Gold, Golden, Gilded, Glittering: The Unexpected Double History of Bannking and the Art World
In 2007, with financial markets ballooning on every side, the artist Damien Hirst cast a real human skull in platinum, encrusted the cast with 8,601 diamonds that might or might not have come from “conflict-conscious” sources, and called his construction For the Love of God. Images of the macabre object circulated with incredible speed, and there was cheery debate about whether the accomplishment of the work was in the realm of aesthetics or that of the market, whether what mattered were the artist’s choices or the fact that the piece had lived up to its announced intention to be “the most expensive piece of art by a living artist” and had sold for $100 million. Two years later, with financial markets imploding on every side, it was reported that the work had in fact been sold to a holding company that turned out to consist of Hirst’s gallerist, his business manager, his friend the Russian billionaire art collector Viktor Pinchuk, and Hirst himself. There were then those who, staring at their own newly empty stock portfolios, found in the title apt expression of their feelings. The work itself, with its diamond-laden eye sockets and its original inhabitant’s grinning teeth, seems unperturbed by any hollowness of value in the financial or art markets. It does not matter to this cynical epitome of our glittering age whether it was made for the love of anything but more zeroes.

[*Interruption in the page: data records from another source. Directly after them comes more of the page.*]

section \<open>Bounds in the right half-plane\<close>

lemma boundary_angle_derivative_scaled_ge_1:
  assumes \<gamma>: "0 < \<gamma>" and u: "\<bar>u\<bar> \<le> 1/2"
  shows "1 \<le> pi * (4 * \<gamma>\<^sup>2 + 1) / (4 * \<gamma>) * (\<gamma> / (pi * (\<gamma>\<^sup>2 + u\<^sup>2)))"
proof -
  have "pi * (4 * \<gamma>\<^sup>2 + 1) / (4 * \<gamma>) * (\<gamma> / (pi * (\<gamma>\<^sup>2 + u\<^sup>2)))
      = ((4 * \<gamma>\<^sup>2 + 1) * (pi * \<gamma>)) / ((4 * (\<gamma>\<^sup>2 + u\<^sup>2)) * (pi * \<gamma>))"
    by (simp add: mult_ac)
  also have "\<dots> = (4 * \<gamma>\<^sup>2 + 1) / (4 * (\<gamma>\<^sup>2 + u\<^sup>2))"
    using \<gamma> by simp
  moreover have "u\<^sup>2 \<le> (1/2)\<^sup>2"
    using u by (simp add: abs_le_square_iff[symmetric])
  ultimately show ?thesis
    using \<gamma> by (simp add: field_simps add_pos_nonneg power2_eq_square)
qed

lemma nn_integral_comp_boundary_angle_le:
  fixes H :: "real \<Rightarrow> ennreal"
  assumes \<gamma>: "0 < \<gamma>" and H [measurable]: "H \<in> borel_measurable borel"
  shows "(\<integral>\<^sup>+t\<in>{\<tau>..\<tau>+1}. H (boundary_angle \<gamma> (\<tau> + 1/2 - t)) \<partial>lborel)
           \<le> ennreal (pi * (4 * \<gamma>\<^sup>2 + 1) / (4 * \<gamma>)) * (\<integral>\<^sup>+x\<in>{0..1}. H x \<partial>lborel)"
proof -
  define K where "K = pi * (4 * \<gamma>\<^sup>2 + 1) / (4 * \<gamma>)"
  define q where "q u = \<gamma> / (pi * (\<gamma>\<^sup>2 + u\<^sup>2))" for u
  have q_nonneg: "0 \<le> q u" for u
    using \<gamma> by (simp add: q_def add_pos_nonneg less_imp_le)
  have K_nonneg: "0 \<le> K"
    using \<gamma> by (simp add: K_def)
  have Kq: "1 \<le> K * q u" if "\<bar>u\<bar> \<le> 1/2" for u
    unfolding K_def q_def by (rule boundary_angle_derivative_scaled_ge_1[OF \<gamma> that])
  have [measurable]: "boundary_angle \<gamma> \<in> borel_measurable borel"
    by (rule borel_measurable_continuous_onI[OF continuous_on_boundary_angle])
  have "(\<integral>\<^sup>+t\<in>{\<tau>..\<tau>+1}. H (boundary_angle \<gamma> (\<tau> + 1/2 - t)) \<partial>lborel)
      = (\<integral>\<^sup>+u\<in>{-1/2..1/2}. H (boundary_angle \<gamma> u) \<partial>lborel)"
    by (subst nn_integral_real_affine[where c = "-1" and t = "\<tau> + 1/2"])
       (auto intro!: nn_integral_cong simp: indicator_def)
  also have "\<dots> \<le> (\<integral>\<^sup>+u\<in>{-1/2..1/2}. ennreal K * (H (boundary_angle \<gamma> u) * ennreal (q u)) \<partial>lborel)"
  proof (intro nn_integral_mono)
    fix u
    have "H (boundary_angle \<gamma> u) \<le> ennreal K * (H (boundary_angle \<gamma> u) * ennreal (q u))"
      if "\<bar>u\<bar> \<le> 1/2"
      using mult_right_mono[OF ennreal_leI[OF Kq[OF that]], of "H (boundary_angle \<gamma> u)"] q_nonneg K_nonneg
      by (simp add: ennreal_mult mult_ac)
    thus "H (boundary_angle \<gamma> u) * indicator {-1/2..1/2} u
        \<le> ennreal K * (H (boundary_angle \<gamma> u) * ennreal (q u)) * indicator {-1/2..1/2} u"
      by (auto simp: indicator_def abs_le_iff)
  qed
  also have "\<dots> = ennreal K * (\<integral>\<^sup>+u. H (boundary_angle \<gamma> u) * ennreal (q u) * indicator {-1/2..1/2} u \<partial>lborel)"
    by (subst nn_integral_cmult[symmetric]) (auto simp: q_def mult_ac)
  also have "(\<integral>\<^sup>+u. H (boundary_angle \<gamma> u) * ennreal (q u) * indicator {-1/2..1/2} u \<partial>lborel)
      = (\<integral>\<^sup>+x\<in>{boundary_angle \<gamma> (-1/2)..boundary_angle \<gamma> (1/2)}. H x \<partial>lborel)"
    using has_real_derivative_boundary_angle[OF \<gamma>] q_nonneg \<gamma>
    by (intro nn_integral_substitution_aux[symmetric]) (auto simp: q_def intro!: continuous_intros add_pos_nonneg)
  also have "\<dots> \<le> (\<integral>\<^sup>+x\<in>{0..1}. H x \<partial>lborel)"
    using boundary_angle_bounds[of \<gamma> "-1/2"] boundary_angle_bounds[of \<gamma> "1/2"]
    by (intro nn_integral_mono) (auto simp: indicator_def)
  finally show ?thesis
    by (simp add: K_def mult_left_mono)
qed

lemma norm_le_sup_norm_rhp:
  assumes "bounded (f ` rhp)" "s \<in> rhp"
  shows "cmod (f s) \<le> sup_norm_rhp f"
  unfolding sup_norm_rhp_def
  using assms by (intro cSUP_upper) (auto simp: bounded_iff bdd_above_def)
lemma gamma_ge_ln_div_sqrt:
  assumes "l \<in> {1..p}" and "0 \<le> ln (2 * real n * real p / \<delta>)"
  shows "12 * ln (2 * real n * real p / \<delta>) / sqrt (real (U k l)) \<le> gamma n p U \<delta> k"
proof -
  have "sqrt (1 / real (U k l)) \<le> Max ((\<lambda>l. sqrt (1 / real (U k l))) ` {1..p})"
    using assms(1) by (intro Max_ge) auto
  then have "12 * ln (2 * real n * real p / \<delta>) * sqrt (1 / real (U k l)) \<le> gamma n p U \<delta> k"
    unfolding gamma_def using assms(2) by (intro mult_left_mono) auto
  then show ?thesis by (simp add: real_sqrt_divide)
qed

lemma gamma_tail_exponent_bounds:
  fixes c \<delta> :: real
  assumes c: "1 < c" and \<delta>: "0 < \<delta>" "\<delta> \<le> 1" and k: "k \<in> {1..n}" and l: "l \<in> {1..p}"
    and U: "1 \<le> U k l"
  defines "a \<equiv> 1 - 1 / (2 * sqrt c)"
  defines "h \<equiv> (c - a) * gamma n p U \<delta> k"
  shows "0 < h" and "a * gamma n p U \<delta> k \<le> h"
    and "ln (2 * real n * real p / \<delta>) \<le> real (U k l) * h\<^sup>2 / (4 * (1 + h))"
proof -
  define L where "L = ln (2 * real n * real p / \<delta>)"
  have slack: "a \<le> c - a" "1 / 2 \<le> c - a"
    using slack_factor_bounds[of "sqrt c"] c by (simp_all add: a_def)
  have L: "2 / 3 \<le> L" unfolding L_def using k l \<delta> by (intro ln_ratio_ge_two_thirds) auto
  have sqrtU: "1 \<le> sqrt (real (U k l))" using U by simp
  have gamma: "12 * L / sqrt (real (U k l)) \<le> gamma n p U \<delta> k"
    using l L unfolding L_def by (intro gamma_ge_ln_div_sqrt) auto
  moreover have "0 < 12 * L / sqrt (real (U k l))" using L sqrtU by simp
  ultimately have gamma_pos: "0 < gamma n p U \<delta> k" by linarith
  then show "0 < h" using slack by (simp add: h_def)
  show "a * gamma n p U \<delta> k \<le> h" using slack gamma_pos by (simp add: h_def)
  have "6 * L \<le> sqrt (real (U k l)) * (gamma n p U \<delta> k / 2)"
    using gamma sqrtU by (simp add: field_simps)
  also have "\<dots> \<le> sqrt (real (U k l)) * h"
    using slack gamma_pos by (intro mult_left_mono) (auto simp: h_def)
  finally show "ln (2 * real n * real p / \<delta>) \<le> real (U k l) * h\<^sup>2 / (4 * (1 + h))"
    using U L \<open>0 < h\<close> unfolding L_def[symmetric] by (intro tail_exponent_ge) auto
qed

lemma is_ranking_prefix_sum_01:
  assumes rk: "is_ranking m n R" and i: "i \<in> {1..m}" and k: "k \<le> n"
  shows "(\<Sum>j\<in>{1..k}. R i j) \<in> {0, 1}"
proof -
  have R01: "\<forall>j\<in>{1..n}. R i j \<in> {0, 1}" and row: "(\<Sum>j\<in>{1..n}. R i j) \<le> 1"
    using rk i unfolding is_ranking_def by auto
  have card: "(\<Sum>j\<in>{1..k}. R i j) = real (card {j\<in>{1..k}. R i j = 1})"
  proof -
    have "(\<Sum>j\<in>{1..k}. R i j) = (\<Sum>j\<in>{1..k}. if R i j = 1 then 1 else 0)"
      using R01 k by (intro sum.cong) auto
    then show ?thesis by (simp add: sum.If_cases Int_def)
  qed
  have "0 \<le> R i j" if "j \<in> {1..n}" for j using R01 that by fastforce
  then have "(\<Sum>j\<in>{1..k}. R i j) \<le> (\<Sum>j\<in>{1..n}. R i j)"
    using k by (intro sum_mono2) auto
  then have "card {j\<in>{1..k}. R i j = 1} \<le> 1" using row card by linarith
  then show ?thesis using card by (auto simp: le_Suc_eq)
qed

lemma group_load_tail_le:
  fixes u h t :: real
  assumes rk: "is_ranking m n R" and nm: "noise_model m p P D" and k: "k \<le> n"
    and l: "l \<in> {1..p}" and h: "0 < h"
    and mean: "expected_group_load m P R k l \<le> u * (1 + h)"
    and t: "expected_group_load m P R k l + u * h \<le> t"
  shows "measure_pmf.prob (groups_dist m D) {\<omega>. t < group_load m R \<omega> k l}
           \<le> exp (- (u * h\<^sup>2 / (4 * (1 + h))))"
proof -
  define a where "a i = (\<Sum>j\<in>{1..k}. R i j)" for i
  define E where "E i = (if a i = 1 then {S. l \<in> S} else {})" for i
  have a01: "a i \<in> {0, 1}" if "i \<in> {1..m}" for i
    unfolding a_def using is_ranking_prefix_sum_01[OF rk that k] .
  have load: "group_load m R \<omega> k l = (\<Sum>i\<in>{1..m}. indicator (E i) (\<omega> i))" for \<omega>
  proof -
    have "group_load m R \<omega> k l = (\<Sum>i\<in>{1..m}. if l \<in> \<omega> i then a i else 0)"
      unfolding group_load_def group_of_def a_def by (rule sum.inter_filter) simp
    also have "\<dots> = (\<Sum>i\<in>{1..m}. indicator (E i) (\<omega> i))"
      using a01 by (intro sum.cong) (auto simp: E_def)
    finally show ?thesis .
  qed
  have expected_load: "expected_group_load m P R k l = (\<Sum>i\<in>{1..m}. measure_pmf.prob (D i) (E i))"
    unfolding expected_group_load_def
  proof (intro sum.cong refl)
    fix i assume i: "i \<in> {1..m}"
    have "(\<Sum>j\<in>{1..k}. P i l * R i j) = P i l * a i" by (simp add: a_def sum_distrib_left)
    also have "\<dots> = measure_pmf.prob (D i) (E i)"
      using a01[OF i] nm i l by (auto simp: E_def noise_model_def)
    finally show "(\<Sum>j\<in>{1..k}. P i l * R i j) = measure_pmf.prob (D i) (E i)" .
  qed
  define s where "s = h / (2 * (1 + h))"
  have "measure_pmf.prob (groups_dist m D) {\<omega>. t < group_load m R \<omega> k l}
      = measure_pmf.prob (Pi_pmf {1..m} {} D) {\<omega>. t < (\<Sum>i\<in>{1..m}. indicator (E i) (\<omega> i))}"
    by (simp add: groups_dist_def load)
  also have "\<dots> \<le> exp (expected_group_load m P R k l * (exp s - 1) - s * t)"
    unfolding expected_load using h by (intro Pi_pmf_indicator_sum_tail_le) (auto simp: s_def)
  also have "\<dots> \<le> exp (- (u * h\<^sup>2 / (4 * (1 + h))))"
    using chernoff_exponent_le[OF h _ mean t] by (simp add: s_def expected_load sum_nonneg)
  finally show ?thesis .
qed

lemma satisfies_constraint_union_bound:
  fixes \<delta> :: real
  assumes \<delta>: "0 \<le> \<delta>"
    and tail: "\<And>k l. k \<in> {1..n} \<Longrightarrow> l \<in> {1..p} \<Longrightarrow>
      measure_pmf.prob (groups_dist m D) {\<omega>. real (U k l) * (1 + eps k) < group_load m R \<omega> k l}
        \<le> \<delta> / (real n * real p)"
  shows "satisfies_constraint m n p U R D eps \<delta>"
proof -
  define B where "B = (\<lambda>(k, l). {\<omega>. real (U k l) * (1 + eps k) < group_load m R \<omega> k l})"
  let ?G = "groups_dist m D" and ?I = "{1..n} \<times> {1..p}"
  have "measure_pmf.prob ?G (\<Union>(B ` ?I)) \<le> (\<Sum>kl\<in>?I. measure_pmf.prob ?G (B kl))"
    by (rule measure_pmf.finite_measure_subadditive_finite) auto
  also have "\<dots> \<le> (\<Sum>kl\<in>?I. \<delta> / (real n * real p))"
    by (intro sum_mono) (auto simp: B_def tail)
  also have "\<dots> \<le> \<delta>"
    using \<delta> by (cases "n = 0 \<or> p = 0") auto
  finally have bad: "measure_pmf.prob ?G (\<Union>(B ` ?I)) \<le> \<delta>" .
  have good: "{\<omega>. \<forall>k\<in>{1..n}. \<forall>l\<in>{1..p}.
          (\<Sum>i\<in>group_of m \<omega> l. \<Sum>j\<in>{1..k}. R i j) \<le> real (U k l) * (1 + eps k)}
      = space ?G - \<Union>(B ` ?I)"
    unfolding B_def group_load_def by (auto simp: not_less) (meson atLeastAtMost_iff leD)
  show ?thesis
    using bad unfolding satisfies_constraint_def good by (subst measure_pmf.prob_compl) auto
qed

Still, museum curators have found in Hirst’s skull and title connections to earlier eras of artistic creation. The Rijksmuseum, in Amsterdam, showed the skull among works of the Dutch golden age. In 2010, in Paris, the Musée Maillol displayed it among works that grapple with mortality. This past summer, the skull was part of a Hirst retrospective at the Tate Modern, in London. These exhibitions evoked the long tradition of including skulls in vanitas paintings, before which a viewer is meant to consider how little time we have. Hirst’s mocking of this time-honored tradition seems superficial and acquisitive to me, but he is not only far and away the richest living artist, he is also a tremendously popular one, and one whose art provokes thoughtful discussion. The curators of the Rijksmuseum mounted a wonderful website of the talking heads of viewers responding to the Hirst work, which make it clear that the skull is indeed understood by museumgoers as an important representation of our times. But to my mind, what the work represents, specifically, is not our artistic, or not only our artistic, but our financial life. As Blake Gopnik pointed out in theWashington Post at the time the skull was unveiled, it’s the purchase of the work that is the work. Sale at outlandish price, just as was true at Lehman Brothers, is what defines and confers the value.